Port Farms to host eclipse-themed event

poverty knob
(From left to right) Sean Lally, Steve Dusicsko, Kelly Port, Casey Dusicsko, Jerry Port, Halle Specht and Stephen Port celebrate after a ribbon cutting ceremony for the opening of Poverty Knob Farmhouse Ales. (Submitted photo)

WATERFORD, Pa. — Since Port Farms opened in 1897, it has undergone numerous changes. From beginning with potato crops in the late 19th century to expanding into soybeans and dairy cattle in the mid-20th century, now the farm functions as a multi-faceted agritourism destination with event spaces, educational field trips and a brewery.

Port Farms event and festival season typically runs from late summer to the beginning of winter, but this spring they are opening their doors early for the once-in-a-lifetime solar eclipse coming to Erie, Pennsylvania on April 8.

Port Farms is in the path of totality and is hosting an Eclipse on the Farm event on April 8 that will feature live music, games, goats, eclipse-themed beer flights and more.

“It’s a one-stop shop for the entire day, (we’re) combining our two locations, our farm and brewery,” said Emily Watson, director of marketing at Port Farms. “We really have something for everyone.”

Port Farms transition

Port Farms originally started as a potato farm in 1897. The farm operation eventually expanded to raise livestock like chickens and dairy cows in the early 20th century. It wasn’t until fourth-generation owners Jerry and Kelly Port started purchasing parts of the farm from Jerry’s father in the late 1980s and 90s that agritourism entered the conversation.

In the 90s, Port Farms transitioned from growing potatoes to soybeans and corn. However, around this time, the dairy industry started taking a downward spiral for the Ports’ and their income began to drop.

As a result, they needed to come up with creative ways to “bridge the gap,” said Kelly Port, co-owner of Port Farms.

In 2003, Jerry and Kelly attended a Christmas tree seminar at Penn State University where they received recommendations to grow pumpkins, wildflowers and other retail products alongside Christmas trees.

Port Farms
Port Farms hosts flower festivals every August where guests get to pick flowers. (Submitted photo)

They went back to the farm and set up a little shack to sell home-cooked food like pulled pork, hamburgers and chocolate chip cookies.

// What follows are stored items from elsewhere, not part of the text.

lemma maximal_matchings_T1_33:
  "6 < n \<Longrightarrow> maximal_matchings (T1_33_edges n) = T1_33_small \<union> T1_33_large n"
  using maximal_matching_T1_33_cases T1_33_small_maximal T1_33_large_maximal
  unfolding maximal_matchings_def by blast

lemma card_T1_33_small_elem: "M \<in> T1_33_small \<Longrightarrow> card M = 2"
  by (auto simp: T1_33_small_def far_triangle_def doubleton_eq_iff)

lemma card_T1_33_large_elem: "M \<in> T1_33_large n \<Longrightarrow> card M = 3"
  by (auto simp: T1_33_large_def far_triangle_def intro!: card_three_edges)

lemma card_T1_33_small: "card T1_33_small = 6"
proof -
  have "inj_on (\<lambda>(h, t). {h, t}) ({{0, 2}, {1, 2}} \<times> far_triangle)"
  proof (rule inj_onI, clarsimp)
    fix h t h' t'
    assume h: "h = {0, 2} \<or> h = {Suc 0, 2}" "h' = {0, 2} \<or> h' = {Suc 0, 2}"
      and t: "t \<in> far_triangle" "t' \<in> far_triangle" and eq: "{h, t} = {h', t'}"
    have "2 \<in> h" "2 \<in> h'" "2 \<notin> t" "2 \<notin> t'" using h far_triangle_disjoint[OF t(1)]
      far_triangle_disjoint[OF t(2)] by blast+
    have "h \<in> {h', t'}" "t \<in> {h', t'}" using eq by (metis insertI1 insertI2)+
    moreover have "h \<noteq> t'" "t \<noteq> h'"
      using \<open>2 \<in> h\<close> \<open>2 \<notin> t'\<close> \<open>2 \<in> h'\<close> \<open>2 \<notin> t\<close> by metis+
    ultimately show "h = h' \<and> t = t'" by (simp only: insert_iff empty_iff simp_thms)
  qed
  then show ?thesis
    by (simp add: T1_33_small_def card_image card_cartesian_product card_far_triangle
        doubleton_eq_iff)
qed

lemma card_T1_33_large: "card (T1_33_large n) = 3 * (n - 6) + 1"
proof -
  let ?f = "\<lambda>(k, t). {{2, k}, {0, 1}, t} :: nat set set"
  let ?A = "{6..<n} \<times> far_triangle"
  have "(2::nat) \<notin> {0, 1}" "(3::nat) \<notin> {0, 1}" by simp_all
  have inj: "inj_on ?f ?A"
  proof (rule inj_onI, clarsimp)
    fix k t k' t'
    assume k: "6 \<le> k" "6 \<le> k'" and "t \<in> far_triangle" "t' \<in> far_triangle"
      and eq: "{{2, k}, {0, Suc 0}, t} = {{2, k'}, {0, Suc 0}, t'}"
    then have "2 \<notin> t" "2 \<notin> t'" "0 \<notin> t" using far_triangle_disjoint by blast+
    have "{2, k} \<in> {{2, k'}, {0, 1}, t'}" "t \<in> {{2, k'}, {0, 1}, t'}"
      using eq by (metis One_nat_def insertI1 insertI2)+
    moreover have "{2, k} \<noteq> t'" "{2, k} \<noteq> {0, 1}" "t \<noteq> {2, k'}" "t \<noteq> {0, 1}"
      using \<open>2 \<notin> t'\<close> \<open>(2::nat) \<notin> {0, 1}\<close> \<open>2 \<notin> t\<close> \<open>0 \<notin> t\<close> by (metis insertI1)+
    ultimately have "{2, k} = {2, k'}" "t = t'" by (simp_all only: insert_iff empty_iff simp_thms)
    with k show "k = k' \<and> t = t'" by (auto simp: doubleton_eq_iff)
  qed
  have notin: "{{2, 3}, {0, 1}, {4, 5}} \<notin> ?f ` ?A"
  proof
    assume "{{2, 3}, {0, 1}, {4, 5}} \<in> ?f ` ?A"
    then obtain k t where "6 \<le> k" "t \<in> far_triangle"
      and "{{2, 3}, {0, 1}, {4, 5}} = {{2, k}, {0, 1}, t}"
      by auto
    then have "{2, 3} \<in> {{2, k}, {0, 1}, t}" "2 \<notin> t" "3 \<notin> {2, k}"
      using far_triangle_disjoint by (metis insertI1, blast, simp)
    moreover have "{2, 3} \<noteq> {2, k}" "{2, 3::nat} \<noteq> {0, 1}" "{2, 3} \<noteq> t"
      using \<open>3 \<notin> {2, k}\<close> \<open>(3::nat) \<notin> {0, 1}\<close> \<open>2 \<notin> t\<close> by (metis insertI1 insertI2)+
    ultimately show False by (simp only: insert_iff empty_iff simp_thms)
  qed
  have "card (T1_33_large n) = card (?f ` ?A) + 1"
    unfolding T1_33_large_def Suc_eq_plus1[symmetric]
    by (rule card_insert_disjoint) (use notin in \<open>simp_all add: far_triangle_def\<close>)
  also have "card (?f ` ?A) = 3 * (n - 6)"
    using card_image[OF inj] by (simp add: card_cartesian_product card_far_triangle)
  finally show ?thesis .
qed

lemma avm_T1_33:
  assumes "6 < n"
  shows "avm (T1_33_edges n) = avm_T1_33_formula n"
proof -
  let ?S = "T1_33_small" and ?L = "T1_33_large n"
  have fin: "finite ?S" "finite ?L"
    using card_T1_33_small card_T1_33_large by (simp_all add: card_ge_0_finite)
  have disj: "?S \<inter> ?L = {}" using card_T1_33_small_elem card_T1_33_large_elem by fastforce
  have "real (card (?S \<union> ?L)) = 3 * real n - 11"
    using card_Un_disjoint[OF fin disj] card_T1_33_small card_T1_33_large assms
    by (simp add: of_nat_diff)
  moreover have "(\<Sum>M\<in>?S \<union> ?L. real (card M)) = 9 * real n - 39"
  proof -
    have "(\<Sum>M\<in>?S \<union> ?L. real (card M)) = (\<Sum>M\<in>?S. real (card M)) + (\<Sum>M\<in>?L. real (card M))"
      by (rule sum.union_disjoint[OF fin disj])
    also have "\<dots> = (\<Sum>M\<in>?S. 2) + (\<Sum>M\<in>?L. 3)"
      using card_T1_33_small_elem card_T1_33_large_elem by simp
    also have "\<dots> = 9 * real n - 39"
      using card_T1_33_small card_T1_33_large assms by (simp add: of_nat_diff)
    finally show ?thesis .
  qed
  ultimately show ?thesis
    using maximal_matchings_T1_33[OF assms] by (simp add: avm_def avm_T1_33_formula_def)
qed

section \<open>Two triangles joined by a path of length two\<close>

(* The total excess of four maximal matchings with two edges, two or three with three edges and
   n - 7 with four edges. *)
lemma avm_T1_33_formula_excess_pos:
  assumes "7 \<le> n"
  shows "0 < 4 * (2 - avm_T1_33_formula n) + (if n = 7 then 3 else 2) * (3 - avm_T1_33_formula n)
    + (real n - 7) * (4 - avm_T1_33_formula n)"
proof (cases "n = 7")
  case True
  then show ?thesis by (simp add: avm_T1_33_formula_def)
next
  case False
  with assms have n: "8 \<le> real n" by simp
  define t where "t = avm_T1_33_formula n"
  define D where "D = 3 * real n - 11"
  have "0 < D" using n by (simp add: D_def)
  have tD: "t * D = 9 * real n - 39" using \<open>0 < D\<close> by (simp add: t_def D_def avm_T1_33_formula_def)
  have "(4 * (2 - t) + 2 * (3 - t) + (real n - 7) * (4 - t)) * D
      = 4 * (2 * D - t * D) + 2 * (3 * D - t * D) + (real n - 7) * (4 * D - t * D)"
    by (simp add: algebra_simps)
  also have "\<dots> = (real n - 8) * (3 * real n - 14) + 3"
    unfolding tD by (simp add: D_def algebra_simps)
  also have "\<dots> > 0" using n by (simp add: add_nonneg_pos)
  finally show ?thesis using \<open>0 < D\<close> False by (simp add: t_def zero_less_mult_iff)
qed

The shack would be the start of their retail empire which would expand into Port Farms’ annual Flower Festival, Fall Harvest and Country Christmas celebrations.

In 2002, Kelly also started experimenting with another idea: education. She got the idea after visiting her son and daughter’s school to give a talk on what farmers do. She quickly realized none of the kids in the classroom had an idea of where their food came from.

To educate the kids, Port Farms began hosting farm field trips and now they host 7,000 tours each season. Kelly says the tours haven’t just benefited the kids though.

“We have a lot of little kids here, but what was really awesome is it brought their parents in too, and a lot of those people do not know where their food comes from,” said Kelly.

Port Farms
Port Farms offers school field trips to educate kids on where their food comes from. (Submitted photo)


In addition to Port Farms festivals, event space and educational field trips, they also opened an on-farm brewery, Poverty Knob Farmhouse Ales, in November 2023.

The name originates from a portion of the land Jerry’s grandmother Beatrice Port called “Poverty Knob” because of its lack of crop production due to dry ground and constant groundhog infestations.

The Poverty Knob Farmhouse Ales building was originally built to store potatoes and eventually, corn and soybeans. Now, it’s home to a 10-barrel brewhouse with a production area and taphouse.

From the start, Jerry and Kelly wanted to incorporate locally grown foods into their beer.

Already, they have used some of Port Farms’ pumpkins for a fall harvest ale and nearby a farm’s peaches for a sour ale.

Despite the upkeep required for a farm tourist space, Kelly says the benefit of expanding to agri-tourism over the years has been the more consistent paycheck.

“When you get a check in July for your wheat and then you get a check in October or November for your beans, you really have to manage your money well,” Kelly said. “This has given us the opportunity to have some income in off seasons, have income year-round as opposed to two times a year.”

Eclipse event

Port Farms will host an Eclipse on the Farm event on April 8 from 11 a.m. to 5 p.m. The event will have attractions like feeding goats, rope courses, jumping pillows, ball zones, etc.

The brewery will also feature eclipse-themed beer flights and live music from several different musicians and DJs throughout the day.

The Poverty Knob Farmhouse Ales will be open and serving food alongside food trucks.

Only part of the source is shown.